Does the fact that we include country code in data help us to substantially improve the predictions?

#### Run on all variables and the entire dataset using the best model: Logistic Regression

In [45]:
#create logistic regression model 
logr = LogisticRegression(n_jobs = 10)

#perform cross validation
result,accuracy,precision,recall = k_fold_cross_validation(k_fold, logr, df_final, y)
print("F1_Score",result)
print("Accuracy",accuracy)
print("Precision",precision)
print("Recall",recall)

  " = {}.".format(effective_n_jobs(self.n_jobs)))
  " = {}.".format(effective_n_jobs(self.n_jobs)))
  " = {}.".format(effective_n_jobs(self.n_jobs)))
  " = {}.".format(effective_n_jobs(self.n_jobs)))
  " = {}.".format(effective_n_jobs(self.n_jobs)))

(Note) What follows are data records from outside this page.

lemma card_outcomes: "card (outcomes R L p m) = (\<Prod>l<L p m. R p m l)"
  unfolding outcomes_def using card_lists_nth_in[of "\<lambda>l. {1..R p m l}" "L p m"] by simp

lemma finite_outcomes: "finite (outcomes R L p m)"
proof -
  have "outcomes R L p m \<subseteq> {s. set s \<subseteq> {0..(\<Sum>l<L p m. R p m l)} \<and> length s = L p m}"
    by (force simp: outcomes_def in_set_conv_nth intro: order_trans[OF _ member_le_sum])
  then show ?thesis
    by (rule finite_subset) (simp add: finite_lists_length_eq)
qed

lemma inner_left_injective:
  fixes a b :: "'a::real_inner"
  assumes "(\<lambda>h. a \<bullet> h) = (\<lambda>h. b \<bullet> h)"
  shows "a = b"
proof -
  have "(a - b) \<bullet> (a - b) = 0" using fun_cong[OF assms, of "a - b"] by (simp add: inner_diff_left)
  then show ?thesis by simp
qed

lemma gradients_sum_eq_0_if_sum_eq_1:
  fixes G :: "'s \<Rightarrow> 'a::real_inner" and f :: "'s \<Rightarrow> 'a \<Rightarrow> real"
  assumes th: "th \<in> interior Th" and "finite S"
    and deriv: "\<And>s. s \<in> S \<Longrightarrow> (f s has_derivative (\<lambda>h. G s \<bullet> h)) (at th)"
    and sum_1: "\<And>t. t \<in> Th \<Longrightarrow> (\<Sum>s\<in>S. f s t) = 1"
  shows "(\<Sum>s\<in>S. G s) = 0"
proof -
  have "((\<lambda>t. \<Sum>s\<in>S. f s t) has_derivative (\<lambda>h. (\<Sum>s\<in>S. G s) \<bullet> h)) (at th)"
    using has_derivative_sum[of S f "\<lambda>s h. G s \<bullet> h"] deriv by (simp add: inner_sum_left)
  moreover have "((\<lambda>t. \<Sum>s\<in>S. f s t) has_derivative (\<lambda>h. 0 \<bullet> h)) (at th)"
    by (rule has_derivative_transform_within_open[OF _ open_interior th, where f="\<lambda>_. 1"])
       (use sum_1 interior_subset in auto)
  ultimately show ?thesis using has_derivative_unique inner_left_injective by metis
qed

lemma fisher_info_mulv_eq_0:
  assumes "\<forall>j<N. \<forall>s\<in>outs j. G j s \<bullet> v = 0"
  shows "fisher_info N outs q G th *v v = 0"
proof -
  have "(fisher_info N outs q G th *v v) $ i
      = (\<Sum>j<N. \<Sum>s\<in>outs j. (1 / q j s th) * (G j s) $ i * (G j s \<bullet> v))" for i
    by (simp add: matrix_vector_mult_def fisher_info_def inner_vec_def sum_distrib_left
        sum_distrib_right sum.swap[of _ UNIV] mult.assoc mult.left_commute)
  then show ?thesis using assms by (simp add: vec_eq_iff)
qed

lemma not_invertible_if_mulv_eq_0:
  fixes A :: "real^'n^'n"
  assumes "A *v v = 0" "v \<noteq> 0"
  shows "\<not> invertible A"
  using assms matrix_left_invertible_ker by (auto simp: invertible_def)
(* Let $r\ge 1$ and let $q_1\le\cdots\le q_r$ be positive even integers. Let $G=\Theta_{1,q_1,\ldots,q_r}$. If $p\ge\max\{4,\Delta(G)\}$, then $G$ is strongly $p$-edge-orientable.
   Context: For positive integers $p_1,\ldots,p_k$, the $\Theta$-graph $\Theta_{p_1,\ldots,p_k}$ is the graph obtained from two vertices $x_1,x_2$ joined by $k$ internally disjoint paths, the $i$th path having $p_i$ edges. A path with $1$ edge is the edge $x_1x_2$. An orientation of a graph $H$ is any digraph obtained by replacing each edge $uv$ with the arc $(u,v)$, with the arc $(v,u)$, or with both arcs. A kernel of a digraph $D$ is an independent set $S$ such that every vertex of $D-S$ has an out-neighbor in $S$. $D$ is kernel-perfect if every induced subdigraph of $D$ has a kernel. For $f:V(H)\to\mathbb{N}$, an orientation $D$ of $H$ is $f$-kernel-perfect if it is kernel-perfect and $f(v)\ge 1+d^+_D(v)$ for all $v$. For $f:E(G)\to\mathbb{N}$, $G$ is $f$-edge-orientable if its line graph $L(G)$ admits an $f$-kernel-perfect orientation. For $v\in V(G)$, define $f_{k,v}:E(G)\to\mathbb{N}$ by $f_{k,v}(e)=d_G(v)$ if $e$ is incident to $v$, and $f_{k,v}(e)=k$ otherwise. $G$ is strongly $k$-edge-orientable if $G$ is $f_{k,v}$-edge-orientable for every $v\in V(G)$. *)

theory Defs
  imports Main
begin

definition orientation :: "'a set \<Rightarrow> ('a \<Rightarrow> 'a \<Rightarrow> bool) \<Rightarrow> ('a \<times> 'a) set \<Rightarrow> bool" where
  "orientation V adj A \<longleftrightarrow>
     A \<subseteq> {(u, v). u \<in> V \<and> v \<in> V \<and> adj u v} \<and>
     (\<forall>u\<in>V. \<forall>v\<in>V. adj u v \<longrightarrow> (u, v) \<in> A \<or> (v, u) \<in> A)"

definition is_kernel :: "('a \<times> 'a) set \<Rightarrow> 'a set \<Rightarrow> 'a set \<Rightarrow> bool" where
  "is_kernel A S K \<longleftrightarrow>
     K \<subseteq> S \<and> (\<forall>u\<in>K. \<forall>v\<in>K. (u, v) \<notin> A) \<and>
     (\<forall>v\<in>S - K. \<exists>w\<in>K. (v, w) \<in> A)"

definition kernel_perfect :: "'a set \<Rightarrow> ('a \<times> 'a) set \<Rightarrow> bool" where
  "kernel_perfect V A \<longleftrightarrow> (\<forall>S. S \<subseteq> V \<longrightarrow> (\<exists>K. is_kernel A S K))"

F1_Score 0.7536717170654494
Accuracy 0.829443673520878
Precision 0.7927571994404582
Recall 0.7182637373782923


#### Run without country variables and the entire dataset using the best model: Logistic Regression

In [49]:
#find all columns apart from country columns
cols = [c for c in df_final.columns if c.lower()[:7] != 'country']

#create dataset without country columns
df_wc= df_final[cols]

#normalize the data 
X = df_wc.drop('abortion', axis=1)
y = df_wc['abortion'].reset_index(drop=True)
norm = preprocessing.normalize(X, norm='l2')
X_wc = pd.DataFrame(norm)


#perform cross validation
result,accuracy,precision,recall = k_fold_cross_validation(k_fold, logr, X_wc, y)
print("F1_Score",result)
print("Accuracy",accuracy)
print("Precision",precision)
print("Recall",recall)

  " = {}.".format(effective_n_jobs(self.n_jobs)))
  " = {}.".format(effective_n_jobs(self.n_jobs)))
  " = {}.".format(effective_n_jobs(self.n_jobs)))
  " = {}.".format(effective_n_jobs(self.n_jobs)))
  " = {}.".format(effective_n_jobs(self.n_jobs)))


F1_Score 0.7567499509496556
Accuracy 0.8295193641983096
Precision 0.7958502249991868
Recall 0.721343817512693


Based on the above results, country information does not  help to noticeably improve the prediction.